What is expected
Produce word for word the lines of the data below running from the one that has "(fst G \<union>" to the one that has "u v i, Mid v", inclusive, and no others.
::: Entries supplied
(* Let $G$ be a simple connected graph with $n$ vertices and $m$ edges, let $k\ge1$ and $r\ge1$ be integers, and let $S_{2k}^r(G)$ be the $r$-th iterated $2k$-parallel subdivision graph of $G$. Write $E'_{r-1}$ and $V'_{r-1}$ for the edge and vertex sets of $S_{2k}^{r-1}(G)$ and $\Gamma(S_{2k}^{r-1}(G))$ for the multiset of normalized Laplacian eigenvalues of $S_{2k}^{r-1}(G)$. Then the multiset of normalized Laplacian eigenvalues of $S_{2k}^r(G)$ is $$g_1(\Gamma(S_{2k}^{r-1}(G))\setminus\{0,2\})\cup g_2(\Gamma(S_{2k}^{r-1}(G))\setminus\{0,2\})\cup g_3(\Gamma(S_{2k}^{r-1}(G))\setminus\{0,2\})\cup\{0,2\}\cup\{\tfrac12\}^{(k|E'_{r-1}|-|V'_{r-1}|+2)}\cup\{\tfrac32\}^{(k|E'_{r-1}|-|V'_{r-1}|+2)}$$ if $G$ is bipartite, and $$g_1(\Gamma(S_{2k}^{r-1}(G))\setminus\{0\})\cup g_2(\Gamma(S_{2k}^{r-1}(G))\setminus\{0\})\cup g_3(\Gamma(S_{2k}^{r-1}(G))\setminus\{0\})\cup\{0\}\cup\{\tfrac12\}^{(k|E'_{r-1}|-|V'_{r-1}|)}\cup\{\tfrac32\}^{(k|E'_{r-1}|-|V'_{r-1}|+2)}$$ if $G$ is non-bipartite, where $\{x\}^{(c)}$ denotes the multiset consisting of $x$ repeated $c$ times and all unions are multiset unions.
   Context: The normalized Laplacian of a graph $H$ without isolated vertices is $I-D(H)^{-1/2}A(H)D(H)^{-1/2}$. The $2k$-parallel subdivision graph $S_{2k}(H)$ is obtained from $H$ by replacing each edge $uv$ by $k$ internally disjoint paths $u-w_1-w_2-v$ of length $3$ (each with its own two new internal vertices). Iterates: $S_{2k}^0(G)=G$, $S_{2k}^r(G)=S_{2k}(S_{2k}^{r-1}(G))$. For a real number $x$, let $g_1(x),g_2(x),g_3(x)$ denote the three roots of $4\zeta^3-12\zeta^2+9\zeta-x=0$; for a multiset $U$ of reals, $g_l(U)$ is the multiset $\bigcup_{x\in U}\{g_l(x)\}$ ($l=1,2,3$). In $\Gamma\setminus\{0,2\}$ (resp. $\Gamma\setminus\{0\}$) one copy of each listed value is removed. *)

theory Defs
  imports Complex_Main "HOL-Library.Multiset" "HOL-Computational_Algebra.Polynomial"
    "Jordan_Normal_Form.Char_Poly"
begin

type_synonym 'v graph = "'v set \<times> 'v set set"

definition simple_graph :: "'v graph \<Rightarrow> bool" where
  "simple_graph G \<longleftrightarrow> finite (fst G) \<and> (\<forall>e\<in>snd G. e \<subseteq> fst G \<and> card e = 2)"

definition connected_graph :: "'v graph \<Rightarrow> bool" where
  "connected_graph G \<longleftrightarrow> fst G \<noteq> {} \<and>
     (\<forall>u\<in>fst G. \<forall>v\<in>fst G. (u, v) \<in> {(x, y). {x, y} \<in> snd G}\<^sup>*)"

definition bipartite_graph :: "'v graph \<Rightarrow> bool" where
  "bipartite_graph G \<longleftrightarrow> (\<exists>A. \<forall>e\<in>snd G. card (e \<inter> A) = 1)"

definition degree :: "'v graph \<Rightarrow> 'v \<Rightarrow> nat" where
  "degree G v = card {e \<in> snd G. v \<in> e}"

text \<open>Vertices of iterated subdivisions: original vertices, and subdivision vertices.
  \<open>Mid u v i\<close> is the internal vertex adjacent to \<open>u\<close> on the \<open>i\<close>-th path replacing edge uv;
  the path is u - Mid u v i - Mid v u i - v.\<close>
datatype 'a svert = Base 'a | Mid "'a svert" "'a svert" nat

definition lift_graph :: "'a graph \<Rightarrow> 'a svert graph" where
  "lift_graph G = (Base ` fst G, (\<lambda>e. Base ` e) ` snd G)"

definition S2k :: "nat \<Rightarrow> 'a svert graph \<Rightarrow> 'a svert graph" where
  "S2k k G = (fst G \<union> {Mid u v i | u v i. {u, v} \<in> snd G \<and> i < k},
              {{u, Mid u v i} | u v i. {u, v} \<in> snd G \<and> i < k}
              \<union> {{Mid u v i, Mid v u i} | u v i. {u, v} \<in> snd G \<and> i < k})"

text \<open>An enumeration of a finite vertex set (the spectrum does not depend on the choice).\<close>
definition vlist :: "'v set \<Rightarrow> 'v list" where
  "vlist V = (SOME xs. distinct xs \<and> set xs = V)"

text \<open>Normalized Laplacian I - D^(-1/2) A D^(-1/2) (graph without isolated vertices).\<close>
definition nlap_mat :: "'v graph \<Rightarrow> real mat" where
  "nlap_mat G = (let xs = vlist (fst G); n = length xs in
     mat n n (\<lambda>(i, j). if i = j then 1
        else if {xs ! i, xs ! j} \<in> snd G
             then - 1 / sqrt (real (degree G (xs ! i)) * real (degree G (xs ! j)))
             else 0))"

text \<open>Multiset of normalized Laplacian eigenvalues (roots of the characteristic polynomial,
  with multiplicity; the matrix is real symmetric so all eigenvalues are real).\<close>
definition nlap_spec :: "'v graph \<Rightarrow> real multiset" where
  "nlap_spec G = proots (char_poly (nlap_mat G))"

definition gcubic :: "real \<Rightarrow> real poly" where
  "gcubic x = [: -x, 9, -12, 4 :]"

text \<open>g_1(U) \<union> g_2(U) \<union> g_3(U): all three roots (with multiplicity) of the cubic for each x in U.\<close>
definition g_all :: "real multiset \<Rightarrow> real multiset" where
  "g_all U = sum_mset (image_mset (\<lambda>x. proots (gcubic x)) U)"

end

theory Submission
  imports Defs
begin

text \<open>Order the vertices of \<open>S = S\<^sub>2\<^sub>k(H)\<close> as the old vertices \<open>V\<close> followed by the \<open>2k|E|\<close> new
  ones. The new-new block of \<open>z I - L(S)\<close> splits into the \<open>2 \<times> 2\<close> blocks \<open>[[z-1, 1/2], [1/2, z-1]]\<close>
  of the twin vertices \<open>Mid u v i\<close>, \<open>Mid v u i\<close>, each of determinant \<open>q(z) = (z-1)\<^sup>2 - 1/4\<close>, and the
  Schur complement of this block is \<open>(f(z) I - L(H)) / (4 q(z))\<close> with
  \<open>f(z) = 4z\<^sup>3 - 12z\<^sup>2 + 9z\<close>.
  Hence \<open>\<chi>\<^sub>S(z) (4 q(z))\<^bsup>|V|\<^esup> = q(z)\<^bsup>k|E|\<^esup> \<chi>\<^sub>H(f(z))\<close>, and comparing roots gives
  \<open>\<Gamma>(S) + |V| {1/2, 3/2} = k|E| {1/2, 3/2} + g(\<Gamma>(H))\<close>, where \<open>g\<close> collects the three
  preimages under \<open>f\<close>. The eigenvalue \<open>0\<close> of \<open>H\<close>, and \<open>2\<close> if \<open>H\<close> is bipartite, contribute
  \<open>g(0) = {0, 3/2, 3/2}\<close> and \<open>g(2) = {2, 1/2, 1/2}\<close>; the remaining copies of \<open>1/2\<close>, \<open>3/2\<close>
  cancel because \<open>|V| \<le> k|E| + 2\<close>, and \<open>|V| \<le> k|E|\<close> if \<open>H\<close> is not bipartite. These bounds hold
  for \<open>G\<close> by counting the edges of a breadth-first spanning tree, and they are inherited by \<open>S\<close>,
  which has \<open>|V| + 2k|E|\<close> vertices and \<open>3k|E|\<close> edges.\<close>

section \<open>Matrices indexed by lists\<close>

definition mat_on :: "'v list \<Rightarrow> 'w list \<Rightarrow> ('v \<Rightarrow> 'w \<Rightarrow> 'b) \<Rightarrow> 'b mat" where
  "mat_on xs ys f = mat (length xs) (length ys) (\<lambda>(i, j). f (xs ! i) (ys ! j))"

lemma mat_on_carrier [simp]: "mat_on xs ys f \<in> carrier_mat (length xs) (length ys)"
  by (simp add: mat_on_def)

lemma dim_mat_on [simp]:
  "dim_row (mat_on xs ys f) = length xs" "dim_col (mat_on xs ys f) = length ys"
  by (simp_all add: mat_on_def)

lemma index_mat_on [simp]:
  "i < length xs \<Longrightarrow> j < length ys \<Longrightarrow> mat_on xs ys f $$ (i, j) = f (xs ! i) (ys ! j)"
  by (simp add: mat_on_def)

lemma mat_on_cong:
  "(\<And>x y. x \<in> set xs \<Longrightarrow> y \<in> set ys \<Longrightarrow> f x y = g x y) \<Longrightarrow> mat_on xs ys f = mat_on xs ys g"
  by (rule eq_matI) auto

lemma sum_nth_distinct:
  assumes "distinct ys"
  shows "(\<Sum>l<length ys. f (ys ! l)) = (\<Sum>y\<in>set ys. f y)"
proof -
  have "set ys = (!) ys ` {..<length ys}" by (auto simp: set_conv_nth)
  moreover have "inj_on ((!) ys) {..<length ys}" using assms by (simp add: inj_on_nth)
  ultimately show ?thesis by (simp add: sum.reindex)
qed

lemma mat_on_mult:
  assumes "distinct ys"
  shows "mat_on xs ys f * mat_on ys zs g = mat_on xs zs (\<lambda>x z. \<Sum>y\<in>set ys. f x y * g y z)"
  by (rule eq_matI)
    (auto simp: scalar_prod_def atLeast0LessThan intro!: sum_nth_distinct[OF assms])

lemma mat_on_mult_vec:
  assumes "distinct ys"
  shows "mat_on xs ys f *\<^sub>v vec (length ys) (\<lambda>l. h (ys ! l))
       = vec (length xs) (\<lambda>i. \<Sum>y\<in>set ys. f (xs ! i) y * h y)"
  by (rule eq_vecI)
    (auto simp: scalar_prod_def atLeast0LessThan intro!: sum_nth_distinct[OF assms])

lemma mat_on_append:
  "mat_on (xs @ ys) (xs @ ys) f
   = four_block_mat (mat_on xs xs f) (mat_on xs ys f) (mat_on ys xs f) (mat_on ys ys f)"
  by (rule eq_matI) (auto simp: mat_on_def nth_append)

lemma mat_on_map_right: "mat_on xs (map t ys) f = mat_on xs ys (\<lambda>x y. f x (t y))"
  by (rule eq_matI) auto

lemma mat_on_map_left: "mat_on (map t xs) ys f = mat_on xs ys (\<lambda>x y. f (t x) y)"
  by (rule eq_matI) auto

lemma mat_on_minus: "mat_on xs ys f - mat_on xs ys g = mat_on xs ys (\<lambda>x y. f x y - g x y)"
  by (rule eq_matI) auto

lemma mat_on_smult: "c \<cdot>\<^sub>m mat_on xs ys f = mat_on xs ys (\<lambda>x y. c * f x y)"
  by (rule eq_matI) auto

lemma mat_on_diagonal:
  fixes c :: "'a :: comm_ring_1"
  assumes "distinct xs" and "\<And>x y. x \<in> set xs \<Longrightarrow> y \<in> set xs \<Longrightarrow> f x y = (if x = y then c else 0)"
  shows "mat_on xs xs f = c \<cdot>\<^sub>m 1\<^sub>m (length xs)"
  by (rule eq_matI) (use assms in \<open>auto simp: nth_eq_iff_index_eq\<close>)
::::::
Answer to this problem
  "S2k k G = (fst G \<union> {Mid u v i | u v i. {u, v} \<in> snd G \<and> i < k},
              {{u, Mid u v i} | u v i. {u, v} \<in> snd G \<and> i < k}
              \<union> {{Mid u v i, Mid v u i} | u v i. {u, v} \<in> snd G \<and> i < k})"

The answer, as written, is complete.